Человек действия, Суворов явно грустил. Ему почти 60 лет, он многого достиг. Но сколько же мог бы он совершить, если бы не превратности судьбы! Он набросал одну из тех записок, в которых возвращался к узловым моментам своей долгой, безупречной и славной службы на благо государства. «Графа А. Суворова-Рымникс кого Графу 3. Г. Чернышеву было бы в степень Генерал-Поручика. От меня больше пользы! После не были б странности при Варне, Шумне», — пишет Суворов, вспоминая, как во время первой турецкой войны, осенью 1773 года, Румянцев послал за Дунай не его, а других. Чернышев, глава Военной коллегии, затянул с присвоением ему чина генерал-поручика, и дело пострадало — генерал-поручики Унгерн и Долгоруков его провалили. Да и в 1774 году эта задержка дорого обошлась: «7 батальонов, 3—4000 конницы были при Козлудже. Прочие вспячены Каменским 18 верст. Отвес списочного старшинства. Каменский помешал Графу Суворову-Рымникскому перенесть театр чрез Шумну на Балканы». Правда, он сумел нанести противнику решающий удар, но война закончилась без него, и лавры достались другим. Так и ныне: «Граф Суворов-Рымникский удручен милосердиями… В общественности на том же рубеже. Принц Кобургский овластчен к плодоносиям… Так Евгений, Лаудон, прочие. Они обошли Графа Суворова-Рымникского. Во всей армии никого». (Принц Саксен-Кобургский, подобно своим знаменитым землякам принцу Евгению Савойскому и Лаудону, получил фельдмаршальский чин, и теперь у этого осторожного австрийца, во всём слушавшегося Суворова, больше полномочий и возможностей, чтобы оказывать влияние на ход войны.) Александр Васильевич перечисляет всех генерал-аншефов, отнюдь не победами обошедших его в чинах: Юрия Долгорукова и Петра Еропкина, Ивана и Николая Салтыковых, Ивана фон Эльмпта и Николая Репнина, Якова Брюса и Валентина Мусина-Пушкина, Михаила Каменского и Михаила Каховского. «Все они были обер-офицерами. Граф Суворов-Рымникский — премьер майор». Короткой французской фразой Суворов высказывается напрямик: «Если бы я был Юлий Цезарь, то назывался бы первым полководцем мира…» Но — не судьба. «Время кратко, сближаетца конец! Изранен, 60 лет, и сок высохнет в лимоне».

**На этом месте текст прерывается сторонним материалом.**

lemma walk_stable_partition_consecutive_blocks:
  assumes part: "stable_partition F sim W (P @ B # C # S)"
    and walk: "is_walk \<Omega> F \<rho> \<sigma>s W \<or> is_walk \<Omega> F \<rho> \<sigma>s (rev W)"
  shows "set C \<subseteq> GamS F sim (set B)"
proof
  fix g assume "g \<in> set C"
  have indC: "indep F sim (set C)" and "distinct C"
    using stable_partition_consecutive_blocks[OF part] by simp_all
  then have "g \<in> F" using \<open>g \<in> set C\<close> by (auto simp: indep_def)
  have "g \<in> GamS F sim (set B) \<or> g \<in> set B"
    using stable_partition_consecutive_blocks(1)[OF part] \<open>g \<in> set C\<close> by (auto simp: GamP_def)
  moreover have "g \<in> GamS F sim (set B)" if "g \<in> set B"
  proof -
    obtain p1 s1 where B: "B = p1 @ g # s1" using \<open>g \<in> set B\<close> by (meson split_list)
    obtain p2 s2 where C: "C = p2 @ g # s2" using \<open>g \<in> set C\<close> by (meson split_list)
    have "W = (concat P @ p1) @ (g # s1 @ p2) @ (g # s2 @ concat S)"
      using part B C by (simp add: stable_partition_def)
    then obtain x where x: "x \<in> set (g # s1 @ p2)" "sim x g"
      using walk_or_reverse_repeated_flaw_has_neighbour walk by metis
    have "x \<notin> set p2"
    proof
      assume "x \<in> set p2"
      then have "x \<noteq> g" using \<open>distinct C\<close> C by auto
      then show False using indC \<open>x \<in> set p2\<close> C x(2) by (auto simp: indep_def)
    qed
    then have "x \<in> set B" using x(1) B by auto
    then show ?thesis using x(2) \<open>g \<in> F\<close> by (auto simp: GamS_def Gam_def)
  qed
  ultimately show "g \<in> GamS F sim (set B)" by blast
qed

end

theorem proposition9:
  fixes \<Omega> :: "'a set" and F :: "'a set set" and \<rho> :: "'a set \<Rightarrow> 'a \<Rightarrow> 'a pmf"
    and sim :: "'a set \<Rightarrow> 'a set \<Rightarrow> bool" and \<pi> :: "'a set \<Rightarrow> nat" and W :: "'a set list"
  assumes "finite \<Omega>" and "finite F"
    and "\<forall>f\<in>F. f \<noteq> {} \<and> f \<subseteq> \<Omega>"
    and "\<forall>\<sigma>\<in>\<Omega>. \<forall>f\<in>Fsig F \<sigma>. set_pmf (\<rho> f \<sigma>) \<subseteq> \<Omega>"
    and "\<forall>f g. sim f g \<longrightarrow> sim g f"
    and "\<forall>\<sigma>\<in>\<Omega>. \<forall>f\<in>Fsig F \<sigma>. \<forall>\<sigma>'\<in>set_pmf (\<rho> f \<sigma>).
           Fsig F \<sigma>' \<subseteq> (Fsig F \<sigma> - {f}) \<union> Gam F sim f"
    and "bij_betw \<pi> F {..<card F}"
    and "W \<in> Stab \<Omega> F \<rho> sim \<pi>"
  shows "strongly_stable F sim (phi F sim W)"
proof -
  interpret causality_walks \<Omega> F \<rho> sim
    using assms(4,6) by unfold_locales
  obtain Ws \<sigma>s where part: "stable_partition F sim W Ws"
    and walk: "is_walk \<Omega> F \<rho> \<sigma>s W \<or> is_walk \<Omega> F \<rho> \<sigma>s (rev W)"
    using assms(8) by (auto simp: Stab_def pi_stable_def)
  have "set (Ws ! Suc r) \<subseteq> GamS F sim (set (Ws ! r))" if "Suc r < length Ws" for r
  proof -
    have "Ws = take r Ws @ Ws ! r # Ws ! Suc r # drop (Suc (Suc r)) Ws"
      using that by (simp add: id_take_nth_drop Cons_nth_drop_Suc)
    then show ?thesis
      using walk_stable_partition_consecutive_blocks part walk by metis
  qed
  then show ?thesis
    using part phi_stable_partition[OF part]
    by (auto simp: strongly_stable_def stable_partition_def stable_seq_def)
qed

В мае обстановка резко осложнилась. Екатерина с беспокойством пишет Потемкину о готовом к нападению тридцатитысячном корпусе пруссаков, о недостаточном количестве наших войск под Ригой, о том, что необходимо добыть мир с турками. «Дела дошли до крайности», — признаётся она в письме от 14 мая. Австрия, не выдержав нажима, пошла на уступки. Россия проявила твердость. Екатерина заявила, что она за прямые переговоры и с Портой, и со Швецией, а потому отклоняет ультиматум.
Двадцать третьего мая Храповицкий заносит в дневник: «Ужасная канонада слышна с зари до зари почти весь день в Петербурге и в Царском Селе. Безпокойство». В столице опасались шведских десантов.

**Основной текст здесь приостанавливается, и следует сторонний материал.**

lemma polyhedron_exit_facet:
  fixes P :: "'a::euclidean_space set"
  assumes "polyhedron P" "bounded P" "0 \<in> interior P" "z \<notin> P"
    and normals: "\<And>C. C facet_of P \<Longrightarrow> P \<subseteq> {x. u C \<bullet> x \<le> b C} \<and> C = P \<inter> {x. u C \<bullet> x = b C}"
  obtains C where "C facet_of P" "b C \<le> u C \<bullet> z"
proof -
  have "z \<noteq> 0"
    using assms(3,4) interior_subset by blast
  then obtain d where "0 < d" and d_frontier: "d *\<^sub>R z \<in> frontier P"
    and d_interior: "\<And>e. 0 \<le> e \<Longrightarrow> e < d \<Longrightarrow> e *\<^sub>R z \<in> interior P"
    using ray_to_frontier[OF assms(2,3)] by (metis add_0)
  have "frontier P \<subseteq> P"
    using assms(1) polyhedron_imp_closed frontier_subset_closed by blast
  then have "d < 1"
    using d_frontier d_interior[of 1] interior_subset assms(4)
    by (metis linorder_neqE_linordered_idom scaleR_one subsetD zero_le_one)
  have "rel_interior P = interior P"
    using assms(3) rel_interior_nonempty_interior by blast
  then have "d *\<^sub>R z \<in> \<Union>{C. C facet_of P}"
    using rel_boundary_of_polyhedron[OF assms(1)] d_frontier \<open>frontier P \<subseteq> P\<close>
    by (auto simp: frontier_def)
  then obtain C where C: "C facet_of P" "d *\<^sub>R z \<in> C"
    by blast
  have "0 \<in> P"
    using assms(3) interior_subset by blast
  then have "0 \<le> b C"
    using normals[OF C(1)] by auto
  have "C = P \<inter> {x. u C \<bullet> x = b C}"
    using normals[OF C(1)] by blast
  \<comment> \<open>\<open>C\<close> occurs on both sides, so this equation would make the simplifier loop\<close>
  with C(2) have "d *\<^sub>R z \<in> P \<inter> {x. u C \<bullet> x = b C}"
    by (rule back_subst)
  then have "u C \<bullet> (d *\<^sub>R z) = b C"
    by blast
  then have eq: "b C = d * (u C \<bullet> z)"
    by simp
  then have "0 \<le> u C \<bullet> z"
    using \<open>0 \<le> b C\<close> \<open>0 < d\<close> by (simp add: zero_le_mult_iff)
  then have "b C \<le> u C \<bullet> z"
    unfolding eq using \<open>0 < d\<close> \<open>d < 1\<close> by (simp add: mult_left_le_one_le)
  with C(1) show ?thesis
    by (rule that)
qed
(* Let $X$ be a real topological vector space such that either (1) $X$ is separable and completely metrizable, or (2) $X=Y^*$ where $Y$ is a separable normed space and $X$ carries the weak* topology. If $C\subseteq X$ is nonempty and CS-closed, then $\operatorname{fri} C\neq\emptyset$.
   Context: A subset $C$ of a topological vector space is CS-closed (convergent-series closed) if whenever $x_i\in C$, $\lambda_i\ge0$ ($i\in\mathbb N$), $\sum_i\lambda_i=1$ and the series $\sum_i\lambda_i x_i$ converges in $X$, its sum belongs to $C$. For a convex set $C$, a convex subset $F\subseteq C$ is a face of $C$ if for every $x\in F$ and all $y,z\in C$ with $x\in(y,z)=\{(1-t)y+tz:t\in(0,1)\}$ we have $y,z\in F$; $F_{\min}(x,C)$ is the intersection of all faces of $C$ containing $x\in C$. The face relative interior is $\operatorname{fri} C=\{x\in C: C\subseteq\overline{F_{\min}(x,C)}\}$. *)

theory Defs
  imports "HOL-Analysis.Analysis"
begin

definition tvs :: "'a::real_vector topology \<Rightarrow> bool" where
  "tvs T \<longleftrightarrow> topspace T = UNIV
     \<and> continuous_map (prod_topology T T) T (\<lambda>(x, y). x + y)
     \<and> continuous_map (prod_topology euclideanreal T) T (\<lambda>(a, x). a *\<^sub>R x)"

definition cs_closed :: "'a::real_vector topology \<Rightarrow> 'a set \<Rightarrow> bool" where
  "cs_closed T C \<longleftrightarrow>
     (\<forall>(x :: nat \<Rightarrow> 'a) (l :: nat \<Rightarrow> real) s.
        (\<forall>i. x i \<in> C) \<and> (\<forall>i. 0 \<le> l i) \<and> l sums 1 \<and>
        limitin T (\<lambda>n. \<Sum>i<n. l i *\<^sub>R x i) s sequentially \<longrightarrow> s \<in> C)"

В эти дни на юге Потемкин приказал привести войска в боевую готовность. А тут еще принц Кобургский попытался атаковать турок и понес большие потери в людях и артиллерии. Неумелые действия новоявленного фельдмаршала ободрили противника. Принц запросил помощи. Верный союзническим обязательствам Потемкин приказал Суворову подвинуть его корпус ближе к австрийцам и в случае необходимости оказать поддержку. Однако, не желая упускать ни малейшего шанса заключить мир, главнокомандующий специальным ордером предупредил своего любимца, чтобы тот не начинал военных действий.
К верховному визирю был послан опытный дипломат Сергей Лазаревич Лошкарев с точными инструкциями и условиями мира. Одновременно Потемкин приказал подготовить к взрыву занятые его войсками турецкие крепости, чтобы в случае их возвращения турки в течение длительного времени не могли опираться на фортификационную линию.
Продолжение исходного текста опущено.